◆ **What is required**
Set down all of the records word for word.

Dataset entries:
◇ ◇ ◇ ◇ ◇ ◇ ◇
(* Let $X,Y$ be Banach spaces, let $-A$ be the generator of a strongly continuous semigroup $(T(t))_{t\ge0}$ on $X$, and let $C:\mathcal D(A)\to Y$ be linear and bounded for the graph norm. (i) If $(A,C)$ is an admissible and exactly observable BFC-system, then there is no sequence $(\lambda_n)$ in the approximate point spectrum $\sigma_A(A)$ with $\operatorname{Re}\lambda_n\to+\infty$, i.e. $\sup\{\operatorname{Re}\lambda:\lambda\in\sigma_A(A)\}<\infty$. (ii) In particular, if $C$ is an admissible zero-class operator for $A$ and $A$ has a sequence of approximate point spectrum with real parts tending to $+\infty$, then $C$ is not exactly observable (in any time $\eta>0$).
   Context: $\sigma_A(A)=\{\lambda\in\mathbb C: \inf_{x\in\mathcal D(A),\|x\|=1}\|\lambda x-Ax\|=0\}$. For $\tau\in(0,\infty]$ set $M(\tau)^2:=\sup_{x\in\mathcal D(A),\|x\|=1}\int_0^\tau\|CT(t)x\|_Y^2\,dt$ and $m(\tau)^2:=\inf_{x\in\mathcal D(A),\|x\|=1}\int_0^\tau\|CT(t)x\|_Y^2\,dt$. $C$ is admissible if $M(\tau)<\infty$ for some (equivalently all) finite $\tau>0$; exactly observable in time $\eta$ if $m(\eta)>0$; zero-class admissible if it is admissible and $\lim_{\tau\to0+}M(\tau)=0$. $(A,C)$ is a BFC-system if there exist $0<\eta<\tau$ such that $C$ is admissible and exactly observable in time $\tau$ and $M(\eta)<m(\tau)$. *)

theory Defs
  imports "HOL-Analysis.Analysis"
begin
◇ ◇ ◇ ◇ ◇ ◇ ◇
◆ **Answer space**
(* Let $X,Y$ be Banach spaces, let $-A$ be the generator of a strongly continuous semigroup $(T(t))_{t\ge0}$ on $X$, and let $C:\mathcal D(A)\to Y$ be linear and bounded for the graph norm. (i) If $(A,C)$ is an admissible and exactly observable BFC-system, then there is no sequence $(\lambda_n)$ in the approximate point spectrum $\sigma_A(A)$ with $\operatorname{Re}\lambda_n\to+\infty$, i.e. $\sup\{\operatorname{Re}\lambda:\lambda\in\sigma_A(A)\}<\infty$. (ii) In particular, if $C$ is an admissible zero-class operator for $A$ and $A$ has a sequence of approximate point spectrum with real parts tending to $+\infty$, then $C$ is not exactly observable (in any time $\eta>0$).
   Context: $\sigma_A(A)=\{\lambda\in\mathbb C: \inf_{x\in\mathcal D(A),\|x\|=1}\|\lambda x-Ax\|=0\}$. For $\tau\in(0,\infty]$ set $M(\tau)^2:=\sup_{x\in\mathcal D(A),\|x\|=1}\int_0^\tau\|CT(t)x\|_Y^2\,dt$ and $m(\tau)^2:=\inf_{x\in\mathcal D(A),\|x\|=1}\int_0^\tau\|CT(t)x\|_Y^2\,dt$. $C$ is admissible if $M(\tau)<\infty$ for some (equivalently all) finite $\tau>0$; exactly observable in time $\eta$ if $m(\eta)>0$; zero-class admissible if it is admissible and $\lim_{\tau\to0+}M(\tau)=0$. $(A,C)$ is a BFC-system if there exist $0<\eta<\tau$ such that $C$ is admissible and exactly observable in time $\tau$ and $M(\eta)<m(\tau)$. *)

theory Defs
  imports "HOL-Analysis.Analysis"
begin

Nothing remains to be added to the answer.